Civil Disobedience–Right or Wrong?

Civil Disobedience – right or wrong

 

Nelson McCausland landed himself in a spot of bother when he refused to condemn those who broke the recent Parades Commission ruling to be good boys and girls and who played tunes while passing the St Patricks Roman Catholic Church on Donegall Street.

When being pushed, one could say harried, by the shock jock who runs the fattest show in the country Nelson referred to the long tradition of civil disobedience in Northern Ireland. This was then followed by a couple of days of what can only be described as shock and hysteria on the fattest show in the country and an orderly queue was formed behind Gerry Kelly of Sinn Fein to roundly condemn in the most hypocritical of ways just because Nelson wouldn’t retract his comments.

Now I’m not a DUP supporter in the slightest, they have been selling us up the river for a number of years, but on this occasion I have to agree with Nelson.

Once again condemnation came from Protestant Churches, led by The Methodist President, Ken Lindsay, a variety of politicians, commentators and the like.

But what is wrong with a bit of civil disobedience?

The rotund shock jock, if he were able, would have been jumping up and down when he pushed BCRC representative Winston Irvine about the horrors of civil disobedience on his Wednesday morning show. He was coming out with comments such as, ‘does that make it ok to get a gun and shoot someone?’, ‘does that make it ok to hit someone with a baseball bat?’ No Stephen (with a P H), that is called violence not civil disobedience.
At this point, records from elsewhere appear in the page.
(* $\delta=\dfrac{\cos\psi}{\cos\tfrac23\psi}$, where $\delta=\phi'$.
   Context: Let $0<\kappa<1$. Let $F(\tfrac16,\tfrac56;\tfrac12;\cdot)$ denote the Gauss hypergeometric function. Define $u$ as a function of $\phi$ near $0$ by $u=\int_0^{\sin\phi}F(\tfrac16,\tfrac56;\tfrac12;\kappa^2t^2)\,\frac{dt}{\sqrt{1-t^2}}$; near the origin (fixing $0$) this inverts to a holomorphic function $u\mapsto\phi(u)$ with $\phi(0)=0$. Let $\psi$ be the holomorphic function near $0$ with $\psi(0)=0$ and $\sin\psi=\kappa\sin\phi$. All functions are regarded as functions of $u$ on a small disc about $0$; $\delta=\phi'=d\phi/du$. *)

theory Defs
  imports "HOL-Complex_Analysis.Complex_Analysis"
begin

definition hyp2f1 :: "complex \<Rightarrow> complex \<Rightarrow> complex \<Rightarrow> complex \<Rightarrow> complex" where
  "hyp2f1 a b c z =
     (\<Sum>n. pochhammer a n * pochhammer b n / (pochhammer c n * fact n) * z ^ n)"

definition uint :: "real \<Rightarrow> complex \<Rightarrow> complex" where
  "uint \<kappa> \<phi> = contour_integral (linepath 0 (sin \<phi>))
     (\<lambda>t. hyp2f1 (1/6) (5/6) (1/2) ((complex_of_real \<kappa>)\<^sup>2 * t\<^sup>2) / csqrt (1 - t\<^sup>2))"

end

theory Submission
  imports Defs "HOL-Analysis.FPS_Convergence"
begin

text \<open>
  Write \<open>F = F(1/6, 5/6; 1/2; \<cdot>)\<close>. The Gauss series \<open>F(a, 1 - a; 1/2; \<cdot>)\<close> solves the
  hypergeometric equation, which turns into \<open>P'' = -(1 - 2a)\<^sup>2 P\<close> for
  \<open>P z = cos z * F(a, 1 - a; 1/2; sin\<^sup>2 z)\<close>; with \<open>P 0 = 1\<close>, \<open>P' 0 = 0\<close> this gives the classical
  identity \<open>F(a, 1 - a; 1/2; sin\<^sup>2 z) = cos ((1 - 2a) z) / cos z\<close>, here with \<open>1 - 2a = 2/3\<close>.
  Differentiating \<open>u = G (sin (\<phi> u)) - G 0\<close>, where \<open>G\<close> is a primitive of the integrand,
  and using \<open>csqrt (1 - sin\<^sup>2 \<phi>) = cos \<phi>\<close> and \<open>\<kappa>\<^sup>2 sin\<^sup>2 \<phi> = sin\<^sup>2 \<psi>\<close> gives
  \<open>F (sin\<^sup>2 \<psi>) * \<phi>' = 1\<close>, i.e. \<open>\<phi>' = cos \<psi> / cos (2/3 \<psi>)\<close>.
\<close>

abbreviation gauss_fps :: "'a::field_char_0 \<Rightarrow> 'a \<Rightarrow> 'a \<Rightarrow> 'a fps" where
  "gauss_fps a b c \<equiv> fps_hypergeo [a, b] [c] 1"

lemma hyp2f1_eq_eval_fps: "hyp2f1 a b c = eval_fps (gauss_fps a b c)"
  by (simp add: fun_eq_iff hyp2f1_def eval_fps_def)

lemma gauss_fps_nth_Suc:
  "fps_nth (gauss_fps a b c) (Suc n) =
     (a + of_nat n) * (b + of_nat n) / ((of_nat n + 1) * (c + of_nat n)) * fps_nth (gauss_fps a b c) n"
  by (simp add: fps_hypergeo_rec del: fps_hypergeo_nth)

lemma LIMSEQ_add_of_nat_over_add_of_nat:
  "(\<lambda>n. (a + of_nat n) / (b + of_nat n) :: 'a::real_normed_field) \<longlonglongrightarrow> 1"
proof (rule Lim_transform_eventually)
  show "\<forall>\<^sub>F n in sequentially.
      (a * inverse (of_nat n) + 1) / (b * inverse (of_nat n) + 1) = (a + of_nat n) / (b + of_nat n)"
    using eventually_gt_at_top[of "0::nat"]
  proof eventually_elim
    case (elim n)
    then have "x * inverse (of_nat n) + 1 = (x + of_nat n) * inverse (of_nat n :: 'a)" for x
      by (simp add: distrib_right)
    then show ?case
      using elim by simp
  qed
  have "(\<lambda>n. (a * inverse (of_nat n) + 1) / (b * inverse (of_nat n) + 1) :: 'a)
      \<longlonglongrightarrow> (a * 0 + 1) / (b * 0 + 1)"
    by (intro tendsto_intros lim_inverse_n) simp
  then show "(\<lambda>n. (a * inverse (of_nat n) + 1) / (b * inverse (of_nat n) + 1) :: 'a) \<longlonglongrightarrow> 1"
    by simp
qed

text \<open>No hypothesis on \<open>c\<close> is needed: if \<open>c + n = 0\<close>, the junk value \<open>x / 0 = 0\<close> in
  \<open>gauss_fps_nth_Suc\<close> makes the series a polynomial.\<close>

lemma fps_conv_radius_gauss_fps: "fps_conv_radius (gauss_fps a b (c::complex)) \<ge> 1"
  unfolding fps_conv_radius_def
proof (rule conv_radius_geI_ex')
  fix r :: real assume "0 < r" "ereal r < 1"
  then have r: "0 < r" "r < 1" by simp_all
  define q where "q n = (a + of_nat n) / (1 + of_nat n) * ((b + of_nat n) / (c + of_nat n))" for n
  have "q \<longlonglongrightarrow> 1 * 1"
    unfolding q_def by (intro tendsto_mult LIMSEQ_add_of_nat_over_add_of_nat)
  then have "(\<lambda>n. norm (q n)) \<longlonglongrightarrow> 1"
    by (metis mult_1 norm_one tendsto_norm)
  moreover have "1 < (1 + r) / (2 * r)"
    using r by (simp add: field_simps)
  ultimately obtain N where N: "\<And>n. n \<ge> N \<Longrightarrow> norm (q n) < (1 + r) / (2 * r)"
    by (metis (no_types, lifting) eventually_sequentially order_tendstoD(2))
  show "summable (\<lambda>n. fps_nth (gauss_fps a b c) n * of_real r ^ n)"
  proof (rule summable_ratio_test)
    show "(1 + r) / 2 < 1" using r by simp
    fix n assume "n \<ge> N"
    have "fps_nth (gauss_fps a b c) (Suc n) = q n * fps_nth (gauss_fps a b c) n"
      unfolding gauss_fps_nth_Suc q_def by (simp add: algebra_simps)
    then have "norm (fps_nth (gauss_fps a b c) (Suc n) * of_real r ^ Suc n)
        = norm (q n) * r * norm (fps_nth (gauss_fps a b c) n * of_real r ^ n)"
      using r by (simp add: norm_mult norm_power del: fps_hypergeo_nth)
    also have "\<dots> \<le> (1 + r) / 2 * norm (fps_nth (gauss_fps a b c) n * of_real r ^ n)"
      using N[OF \<open>n \<ge> N\<close>] r by (intro mult_right_mono) (simp_all add: field_simps)
    finally show "norm (fps_nth (gauss_fps a b c) (Suc n) * of_real r ^ Suc n)
        \<le> (1 + r) / 2 * norm (fps_nth (gauss_fps a b c) n * of_real r ^ n)" .
  qed
qed

lemma gauss_fps_ode:
  fixes a b c :: "'a::field_char_0"
  defines "F \<equiv> gauss_fps a b c"
  assumes "\<And>n. c + of_nat n \<noteq> 0"
  shows "fps_X * (1 - fps_X) * fps_deriv (fps_deriv F)
     + (fps_const c - fps_const (a + b + 1) * fps_X) * fps_deriv F - fps_const (a * b) * F = 0"
proof (rule fps_ext)
  fix n
  have "(of_nat n + 1 :: 'a) \<noteq> 0"
    by (metis of_nat_Suc of_nat_eq_0_iff add.commute nat.distinct(1))
  then have rec: "(of_nat n + 1) * (c + of_nat n) * fps_nth F (Suc n)
      = (a + of_nat n) * (b + of_nat n) * fps_nth F n"
    using assms(2)[of n] unfolding F_def gauss_fps_nth_Suc by (simp del: fps_hypergeo_nth)
  show "fps_nth (fps_X * (1 - fps_X) * fps_deriv (fps_deriv F)
     + (fps_const c - fps_const (a + b + 1) * fps_X) * fps_deriv F - fps_const (a * b) * F) n = fps_nth 0 n"
    using rec by (cases n) (auto simp: algebra_simps simp del: fps_hypergeo_nth)
qed

lemma norm_less_fps_conv_radius_add:
  "norm z < fps_conv_radius f \<Longrightarrow> norm z < fps_conv_radius g \<Longrightarrow> norm z < fps_conv_radius (f + g)"
  using fps_conv_radius_add[of f g] by (metis min_less_iff_conj order.strict_trans2)

lemma norm_less_fps_conv_radius_diff:
  "norm z < fps_conv_radius f \<Longrightarrow> norm z < fps_conv_radius g \<Longrightarrow> norm z < fps_conv_radius (f - g)"
  using fps_conv_radius_diff[of f g] by (metis min_less_iff_conj order.strict_trans2)

lemma norm_less_fps_conv_radius_mult:
  "norm z < fps_conv_radius f \<Longrightarrow> norm z < fps_conv_radius g \<Longrightarrow> norm z < fps_conv_radius (f * g)"
  using fps_conv_radius_mult[of f g] by (metis min_less_iff_conj order.strict_trans2)

lemma norm_less_fps_conv_radius_gauss_fps_derivs:
  fixes a b c z :: complex
  assumes "norm z < 1"
  shows "norm z < fps_conv_radius (gauss_fps a b c)"
    and "norm z < fps_conv_radius (fps_deriv (gauss_fps a b c))"
    and "norm z < fps_conv_radius (fps_deriv (fps_deriv (gauss_fps a b c)))"
proof -
  show *: "norm z < fps_conv_radius (gauss_fps a b c)"
    using assms fps_conv_radius_gauss_fps[of a b c]
    by (metis ereal_less(3) order.strict_trans2)
  show **: "norm z < fps_conv_radius (fps_deriv (gauss_fps a b c))"
    using * fps_conv_radius_deriv order.strict_trans2 by blast
  show "norm z < fps_conv_radius (fps_deriv (fps_deriv (gauss_fps a b c)))"
    using ** fps_conv_radius_deriv order.strict_trans2 by blast
qed

lemma eval_gauss_fps_ode:
  fixes a b c z :: complex
  defines "F \<equiv> gauss_fps a b c"
  assumes "\<And>n. c + of_nat n \<noteq> 0" and "norm z < 1"
  shows "z * (1 - z) * eval_fps (fps_deriv (fps_deriv F)) z
     + (c - (a + b + 1) * z) * eval_fps (fps_deriv F) z - a * b * eval_fps F z = 0"
proof -
  note radii = norm_less_fps_conv_radius_gauss_fps_derivs[OF assms(3),
      where a=a and b=b and c=c, folded F_def]
  have "eval_fps (fps_X * (1 - fps_X) * fps_deriv (fps_deriv F)
     + (fps_const c - fps_const (a + b + 1) * fps_X) * fps_deriv F - fps_const (a * b) * F) z = 0"
    unfolding F_def gauss_fps_ode[OF assms(2)] by simp
  then show ?thesis
    by (simp add: radii eval_fps_mult eval_fps_add eval_fps_diff norm_less_fps_conv_radius_add
        norm_less_fps_conv_radius_diff norm_less_fps_conv_radius_mult)
qed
Violence is defined by the World Health Organization as ‘the intentional use of physical force or power, threatened or actual, against a person, or against a group or community, that either results in or has a high likelihood of resulting in injury, death, psychological harm, maldevelopment or deprivation’.

Pay attention fat boy and the churches et al, this is not civil disobedience!

Civil Disobedience has been defined as the, ‘refusal to obey civil laws in an effort to induce change in governmental policy or legislation, characterized by the use of passive resistance or other nonviolent means’.

 

Civil disobedience has been used and applauded across the world down through the ages in order to tackle injustice.

Henry Thoreau argued that individuals should not permit governments to overrule or weaken their consciences, and that they have a duty to avoid allowing such compliance to enable the government to make them the agents of injustice.

He also stated, ‘the only obligation which I have a right to assume is to do at any time what I think right…Law never made men a whit more just’.

Martin Luther King Jr in his Letter from Birmingham Jail argued that civil disobedience is justified not only to deal with an unjust law, but that “everyone has a moral responsibility to disobey unjust laws.” The letter includes the famous quote “An injustice wherever it is, is a threat to justice everywhere”. He was of course following the lead given by Mohandas Gandhi, ‘the father of civil disobedience’.

Gandhi is famous for his non-violent approach to civil disobedience. He has stated, ‘civil disobedience is the assertion of a right which law should give but which it denies’.

Gandhi of course was taking his lead from Jesus about whom he wrote, ‘Jesus was the most active resister known perhaps to history’.

 

The argument here is about the right to challenge what are perceived as injustices through the forum of non-violent civil disobedience. A right that Sinn Fein and other politicians, church leaders and sections of the media are claiming we do not or should not have because it is against the law.

If you support non-violent civil disobedience then you have to accept that you will not always agree with the injustice felt by others, but they have a right to defy the law, without violence, to make their point. But in doing so they must accept the consequences of their actions in order to highlight their feelings of injustice. Gandhi and Martin Luther King Jr were jailed a number of times for the stands they took for example.

Young Conway Volunteers and the other bands who are being blamed for igniting the recent violence did no violence. There was not one band member arrested, not one band member acting in a violent manner, not one band member who attacked anyone. As has already been stated on this web site in a previous article, theirs was an act of non-violent civil disobedience.

What Thoreau, Gandhi, Martin Luther King Jr, Jesus and Young Conway Volunteers have in common is not the issues or their reasons for their civil disobedience but the shared desire to tackle a felt injustice through civil disobedience.

The violence has to be condemned because it will not achieve anything positive for the Loyalist Community. However, the act of non-violent civil disobedience should be applauded because it has opened the debate about the injustices being felt in the Loyalist Community and finally it seems people are starting to listen.